Der Kölner Bibliothekar und Historiker Erwin In het Panhuis hat mit großem Fleiß eine Online-Bibliographie zur Homosexualität aufgebaut, die sich als sehr effektives Hilfsmittel und als Fundgrube bei der Suche nach Quellen erweist. Er hat einerseits geprüft, welche Einträge in gedruckten Bibliographien zur Homosexualität (so jene von Manfred Herzer aus dem Jahre 1982) online verfügbar sind (mit Vermerk bei erfolgloser Suche). Andererseits hat er bei Google Books mit mehr als hundert zeitgenössischen Stichwörtern (wie Sodomie, Päderastie) in unterschiedlichen Schreibweisen und Begriffskombinationen nach weiteren Veröffentlichungen gesucht. Das Ergebnis ist eine Link-Liste mit über 4.200 Buch- und Zeitschriftenbeiträgen zur männlichen und weiblichen Homosexualität, die im Internet im Volltext zu finden sind, geteilt in zwei Teile:1418 bis 1819 bzw. 1820 bis heute. .

Die Bibliographie von Erwin In het Panhuis ist so eine Sammlung kommentierter Suchergebnisse in chronologischer Ordnung, mit Originalzitaten, Links zu weiteren Publikationen und Autoren u.a.m. Das Ergebnis sind zwei große Textdateien, die neben den Links zu den online verfügbaren Publikationen auch weiterführende Informationen erhalten. In vielen Fällen sind Schlagwörter gesetzt und man wird fündig, wenn man in den beiden Textdateien z. B. nach der Zeichenkette "Schlagwort: lesbisch" oder "Schlagwort: Belletristik" sucht. Leider gibt es keine Liste der vergebenen Schlagwörter. Die Online-Bibliographie ist eben keine Datenbank, was bei gezielter Suche ein Nachteil ist. .

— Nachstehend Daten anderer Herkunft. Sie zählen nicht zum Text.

(* Let $\mathcal{L}$ be a square lattice, let $\beta$ be a maximal element of $J(\mathcal{L})$, and let $\alpha \in \mathcal{L}_\beta$. Then \[ |E_\alpha \setminus E_\alpha(\mathcal{L}_\beta)| = |E_\alpha| - |E_\alpha(\mathcal{L}_\beta)| \geq |\mathcal{L}| - |\mathcal{L}_\beta| - 1. \]
   Context: All lattices are finite distributive. $x \in \mathcal{L}$ is join-irreducible if $x = y\vee z$ implies $x=y$ or $x=z$ (so the minimum, the root, is join-irreducible); $J(\mathcal{L})$ is the poset of join-irreducibles. $\mathcal{L}$ is a tree lattice if the Hasse diagram of $J(\mathcal{L})$ is a tree; a square lattice is a tree lattice in which every vertex of this Hasse diagram other than the root has degree at most two. For a maximal $\beta \in J(\mathcal{L})$, the pruning $\mathcal{L}_\beta$ is the lattice of hereditary subsets of $J(\mathcal{L})\setminus\{\beta\}$, identified (via Birkhoff's theorem) with the sublattice $\{\gamma \in \mathcal{L} : \gamma \not\geq \beta\}$ of $\mathcal{L}$. A diamond in a lattice $\mathcal{M}$ is a set $\{x, y, x\vee y, x\wedge y\}$ with $x, y \in \mathcal{M}$ non-comparable. For $\alpha \in \mathcal{M}$, $E_\alpha(\mathcal{M}) = \{(\alpha,\gamma) : \text{some diamond of } \mathcal{M} \text{ contains both } \alpha \text{ and } \gamma\}$, and $E_\alpha = E_\alpha(\mathcal{L})$. *)

theory Defs
  imports Main
begin

text \<open>The finite distributive lattice L is the universe of a type of class
  finite and distributive_lattice.\<close>

definition join_irr :: "'a::lattice \<Rightarrow> bool" where
  "join_irr x \<longleftrightarrow> (\<forall>y z. x = sup y z \<longrightarrow> x = y \<or> x = z)"

definition JI :: "'a::lattice set" where
  "JI = {x. join_irr x}"

definition hasse_cover :: "'a::lattice \<Rightarrow> 'a \<Rightarrow> bool" where
  "hasse_cover x y \<longleftrightarrow> x \<in> JI \<and> y \<in> JI \<and> x < y \<and> \<not> (\<exists>z\<in>JI. x < z \<and> z < y)"

definition hasse_adj :: "'a::lattice \<Rightarrow> 'a \<Rightarrow> bool" where
  "hasse_adj x y \<longleftrightarrow> hasse_cover x y \<or> hasse_cover y x"

definition hasse_connected :: "'a::lattice itself \<Rightarrow> bool" where
  "hasse_connected _ \<longleftrightarrow>
     (\<forall>x\<in>(JI::'a set). \<forall>y\<in>JI. (x, y) \<in> {(u, v). hasse_adj u v}\<^sup>*)"

definition is_hasse_cycle :: "'a::lattice list \<Rightarrow> bool" where
  "is_hasse_cycle vs \<longleftrightarrow> length vs \<ge> 3 \<and> distinct vs \<and> set vs \<subseteq> JI \<and>
     (\<forall>i. Suc i < length vs \<longrightarrow> hasse_adj (vs ! i) (vs ! Suc i)) \<and>
     hasse_adj (last vs) (hd vs)"

definition tree_lattice :: "'a::lattice itself \<Rightarrow> bool" where
  "tree_lattice T \<longleftrightarrow> hasse_connected T \<and> \<not> (\<exists>vs::'a list. is_hasse_cycle vs)"

definition hasse_degree :: "'a::{finite,lattice} \<Rightarrow> nat" where
  "hasse_degree v = card {u \<in> JI. hasse_adj u v}"

text \<open>Square lattice: tree lattice where each vertex other than the root
  (the minimum of J(L), i.e. each non-minimal vertex) has degree at most 2.\<close>
definition square_lattice :: "'a::{finite,lattice} itself \<Rightarrow> bool" where
  "square_lattice T \<longleftrightarrow> tree_lattice T \<and>
     (\<forall>v\<in>(JI::'a set). (\<exists>u\<in>JI. u < v) \<longrightarrow> hasse_degree v \<le> 2)"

Viele Texte zu Publikationen sind mit "Lesetipp!" rot markiert und über diesen Begriff auch auffindbar. Dabei handelt es sich nicht nur um ausführliche Darstellungen, sondern auch um Literatur, die aus unterschiedlichen Gründen beachtenswert ist, etwa weil hier ein Begriff zum ersten Mal nachweisbar ist. Weitere Links wurden z.B. zu biographischen Informationen bei AutorInnen oder anderen genannten Personen gesetzt. .

Eine umfangreiche Einleitung behandelt auch die Probleme bei der Erstellung einer derartigen Bibliographie, so die Frage der Vollständigkeit, nicht erfasste Werke, Scan- oder Übertragungsfehler bei einem Neusatz von Texten usw. Die Online-Bibliographie enthält des Weiteren eine Liste mit wichtiger Sekundärliteratur, Bemerkungen zu den Anbietern digitaler Dienste sowie Links zu "weiterführende[n] Online-Beiträge[n] zur Homo-Geschichte" (darunter auch eine Liste von Online-Zeitschriften) bzw. "weiterführende[n] Adressen zur Homo-Geschichte". .

Was vorliegt, ist die bisher umfangreichste Übersicht über deutschsprachige Buch- und Zeitschriftenbeiträge zur männlichen und weiblichen Homosexualität in Sachliteratur und Belletristik bis zum Ende des 19. Jahrhunderts. Online verfügbar, gewartet und ergänzt, kommt der Aspekt der Aktualität und BenutzerInnenfreundlichkeit (weiterführende Links) hinzu. Um etwas gezielt zu finden, muss man allerdings wissen, wie man sucht. Erwin In het Panhuis hat mit seinen Textfiles allen Forschenden ein Hilfsmittel zur Verfügung gestellt, das vielfältige Anstöße zu weiterführenden Untersuchungen geben kann, insbesondere zur noch immer stark vernachlässigten Frühen Neuzeit.